Capitalism won’t fix that until people change their views.

So maybe I will stop teaching preschool in the county schools and start working for UPS. At the very least I will dream about it.

This is an argument for people in those undervalued fields to unionize and fight for better conditions. It’s not a reason to demand UPS drivers make less money.


The UPS strike got a lot of national and government attention because the workers have a male, white, joe the plumber image. These are the people that work "hard" /s. Striking home health aides will not get this type of attention. And no, UPS workers do not deserve to make more than home health aides.



They need to get a union.


you are missing the nuance--national advocacy is important as well.



I didn’t. I actually agree with you. I think home health aides have a very important job. They care for the most fragile of our society. They do need national advocacy, but they also need to unionize. For whatever reason, that has never happened for that group. I wonder why nursing groups haven’t taken them under their umbrella.

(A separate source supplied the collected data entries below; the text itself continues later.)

(* Let $X=\{x_i\}_{i\in\mathbb Z}$ be an equidistant discretization of $\mathbb R$ with $x_i<x_j$ for $i<j$, let $p$ be a noise function on $X$, and let $M_q$ be the additive noise mechanism with noise $p$ for a query $q$ of sensitivity $s$, where $s=x_i-x_j$ for some $i,j\in\mathbb Z$. Let $\varepsilon,\delta\ge 0$. Suppose that for every $r\in\{x_i-x_j: i,j\in\mathbb Z\}$ with $r\le s$ and every $S\subseteq X$, $$\sum_{x\in S}p(x)\le\delta+e^{\varepsilon}\sum_{x\in S}p(x+r).$$ Then $M_q$ is $(\varepsilon,\delta)$-ADP for any query output in $\mathbb R$.
   Context: A noise function on $X$ is a map $p:X\to[0,1]$ with $\sum_{x\in X}p(x)=1$ (with $p(y)$ understood for $y=x+r\in X$). Sampling from $p$: first sample $x_i\in X$ with probability $p(x_i)$, then sample uniformly from $[\tfrac{x_{i-1}+x_i}{2},\tfrac{x_i+x_{i+1}}{2})$; thus the continuous noise has density $\sum_{x\in X}\mathbb 1[\,y\in[x-\nu/2,x+\nu/2)\,]\,p(x)/\nu$, where $\nu$ is the grid spacing. For a query $q:\mathcal D\to\mathbb R$ on databases with a neighboring relation, its sensitivity is $s=\max_{D_1,D_2\text{ neighboring}}|q(D_1)-q(D_2)|$. The additive noise mechanism is $M_q(D)=q(D)+y$ with $y$ sampled from $p$. A mechanism $M$ is $(\varepsilon,\delta)$-ADP if for all measurable output sets $S$ and all neighboring $D_0,D_1$: $\Pr[M(D_0)\in S]\le e^{\varepsilon}\Pr[M(D_1)\in S]+\delta$. *)

theory Defs
  imports "HOL-Probability.Probability"
begin

definition equidistant_grid :: "(int \<Rightarrow> real) \<Rightarrow> real \<Rightarrow> bool" where
  "equidistant_grid x \<nu> \<longleftrightarrow> \<nu> > 0 \<and> (\<forall>i. x i = x 0 + real_of_int i * \<nu>)"

definition noise_function :: "real set \<Rightarrow> (real \<Rightarrow> real) \<Rightarrow> bool" where
  "noise_function X p \<longleftrightarrow> (\<forall>x\<in>X. 0 \<le> p x \<and> p x \<le> 1) \<and> (p has_sum 1) X"

text \<open>Density of the continuous noise obtained by sampling a grid point x i with
  probability p (x i) and then uniformly from [x i - nu/2, x i + nu/2).\<close>
definition noise_density :: "(int \<Rightarrow> real) \<Rightarrow> real \<Rightarrow> (real \<Rightarrow> real) \<Rightarrow> real \<Rightarrow> real" where
  "noise_density x \<nu> p y =
     (\<Sum>\<^sub>\<infinity>i\<in>(UNIV::int set). indicator {x i - \<nu>/2 ..< x i + \<nu>/2} y * p (x i) / \<nu>)"

definition noise_measure :: "(int \<Rightarrow> real) \<Rightarrow> real \<Rightarrow> (real \<Rightarrow> real) \<Rightarrow> real measure" where
  "noise_measure x \<nu> p = density lborel (\<lambda>y. ennreal (noise_density x \<nu> p y))"

definition additive_noise_mechanism ::
  "(int \<Rightarrow> real) \<Rightarrow> real \<Rightarrow> (real \<Rightarrow> real) \<Rightarrow> ('d \<Rightarrow> real) \<Rightarrow> 'd \<Rightarrow> real measure" where
  "additive_noise_mechanism x \<nu> p q D = distr (noise_measure x \<nu> p) borel (\<lambda>y. q D + y)"

definition is_sensitivity :: "('d \<Rightarrow> 'd \<Rightarrow> bool) \<Rightarrow> ('d \<Rightarrow> real) \<Rightarrow> real \<Rightarrow> bool" where
  "is_sensitivity nb q s \<longleftrightarrow>
     (\<forall>D1 D2. nb D1 D2 \<longrightarrow> \<bar>q D1 - q D2\<bar> \<le> s) \<and>
     (\<exists>D1 D2. nb D1 D2 \<and> \<bar>q D1 - q D2\<bar> = s)"

definition ADP :: "('d \<Rightarrow> 'd \<Rightarrow> bool) \<Rightarrow> ('d \<Rightarrow> real measure) \<Rightarrow> real \<Rightarrow> real \<Rightarrow> bool" where
  "ADP nb M \<epsilon> \<delta> \<longleftrightarrow>
     (\<forall>S \<in> sets borel. \<forall>D0 D1. nb D0 D1 \<longrightarrow>
        measure (M D0) S \<le> exp \<epsilon> * measure (M D1) S + \<delta>)"

end

theory Submission
  imports Defs
begin

text \<open>The noise density is a step function: it equals p(x i)/\<nu> on the cell
  [x i - \<nu>/2, x i + \<nu>/2). Tiling the line by translates of W = [-\<nu>/2, \<nu>/2) turns
  an integral over y into an integral over u \<in> W of a sum over grid points. For outputs
  a0 = q D0 and a1 = q D1 with d = a0 - a1 \<le> s, tile the integral for a1 along the grid
  shifted by d: for each u both inner sums then run over the same index set
  T = {i. a0 + x i + u \<in> S}, of p (x i) and of p (x (i + n)) respectively, where
  n \<nu> \<le> s. The discrete hypothesis for r = x n - x 0 compares them pointwise in u, and
  integrating over W, of length \<nu>, gives the (\<epsilon>, \<delta>) bound.\<close>

lemma nn_integral_count_space_eq_infsum:
  fixes g :: "'a \<Rightarrow> real"
  assumes "g summable_on A" and "\<And>i. i \<in> A \<Longrightarrow> g i \<ge> 0"
  shows "(\<integral>\<^sup>+i. ennreal (g i) \<partial>count_space A) = ennreal (\<Sum>\<^sub>\<infinity>i\<in>A. g i)"
proof -
  have "(\<lambda>i. norm (g i)) summable_on A"
    using assms(1) summable_on_iff_abs_summable_on_real by blast
  note abs_summable = this[unfolded abs_summable_equivalent]
  show ?thesis
    using assms(2) by (simp add: nn_integral_conv_infsetsum[OF abs_summable] infsetsum_infsum[OF abs_summable])
qed

lemma borel_measurable_nn_integral_count_space:
  fixes f :: "'i \<Rightarrow> 'a \<Rightarrow> ennreal"
  assumes "countable I" and "\<And>i. i \<in> I \<Longrightarrow> f i \<in> borel_measurable M"
  shows "(\<lambda>u. \<integral>\<^sup>+i. f i u \<partial>count_space I) \<in> borel_measurable M"
proof -
  interpret I: sigma_finite_measure "count_space I"
    using \<open>countable I\<close> by (rule sigma_finite_measure_count_space_countable)
  have "(\<lambda>z. f (snd z) (fst z)) \<in> borel_measurable (M \<Otimes>\<^sub>M count_space I)"
    by (rule measurable_compose_countable'[where f = "\<lambda>i z. f i (fst z)"]) (use assms in auto)
  then show ?thesis
    by (intro I.borel_measurable_nn_integral) (simp add: case_prod_beta)
qed
lemma side_pattern_flip_value:
  assumes "unit_nbhd im jn nN nW nS nE c"
  shows "side_pattern ev im jn nN nW nS nE (flip_value im jn nN nW nS nE c) =
    transpose (raise_pattern ev im jn) (lower_pattern ev im jn) (side_pattern ev im jn nN nW nS nE c)"
proof -
  let ?raise = "nN = c \<and> nW = c \<and> (im \<longrightarrow> nS = Suc c) \<and> (jn \<longrightarrow> nE = Suc c)"
  let ?lower = "Suc nN = c \<and> Suc nW = c \<and> (im \<longrightarrow> nS = c) \<and> (jn \<longrightarrow> nE = c)"
  have nb: "nN = c \<or> Suc nN = c" "nW = c \<or> Suc nW = c"
    "\<not> im \<or> nS = c \<or> nS = Suc c" "\<not> jn \<or> nE = c \<or> nE = Suc c"
    using assms unfolding unit_nbhd_def by auto
  have raise: "side_pattern ev im jn nN nW nS nE c = raise_pattern ev im jn \<longleftrightarrow> ?raise"
    and lower: "side_pattern ev im jn nN nW nS nE c = lower_pattern ev im jn \<longleftrightarrow> ?lower"
    using nb unfolding side_pattern_def raise_pattern_def lower_pattern_def
    by (cases ev; cases im; cases jn; auto)+
  consider ?raise | "\<not> ?raise" ?lower | "\<not> ?raise" "\<not> ?lower" by blast
  then show ?thesis
  proof cases
    case 1
    then show ?thesis using raise
      by (cases ev; cases im; cases jn) (auto simp: flip_value_def side_pattern_def raise_pattern_def lower_pattern_def)
  next
    case 2
    then obtain d where "c = Suc d" by auto
    then show ?thesis using 2 lower
      by (cases ev; cases im; cases jn) (auto simp: flip_value_def side_pattern_def raise_pattern_def lower_pattern_def)
  next
    case 3
    then have "flip_value im jn nN nW nS nE c = c"
      unfolding flip_value_def by (simp only: if_False)
    moreover have "side_pattern ev im jn nN nW nS nE c \<noteq> raise_pattern ev im jn"
      "side_pattern ev im jn nN nW nS nE c \<noteq> lower_pattern ev im jn"
      using 3 raise lower by blast+
    ultimately show ?thesis by simp
  qed
qed

lemma swap_sides_eq_transpose:
  assumes "A \<subseteq> S" "B \<subseteq> S"
  shows "swap_sides S A B F = (F - S) \<union> transpose A B (F \<inter> S)"
  using assms unfolding swap_sides_def transpose_def by auto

NP and I am not an expert in this but I assume it’s because home health aides are largely non white women. Many of whom are not born in the US.
Anonymous
It doesn't matter what anyone here thinks about their value or any comparisons to other fields.

The company feels their workers bring this value to them, and they are able and willing to pay.

Someone here is just pissed off they accrued a ton of college debt and don't get the same job for what they consider meaningless, low skill work.

Apparently, they forgot how capitalism works.
Anonymous
Anonymous wrote:I think it’s really amazing people are I planning about this, after reading 3+ years of people bragging about loafing around, while getting paid to ‘work from home’ on the sofa. You people making 200k a year want to complain about someone breaking their back and actually working? Gtfo.


+100. Or should I say, +170,000. The elitism in this thread is disgusting.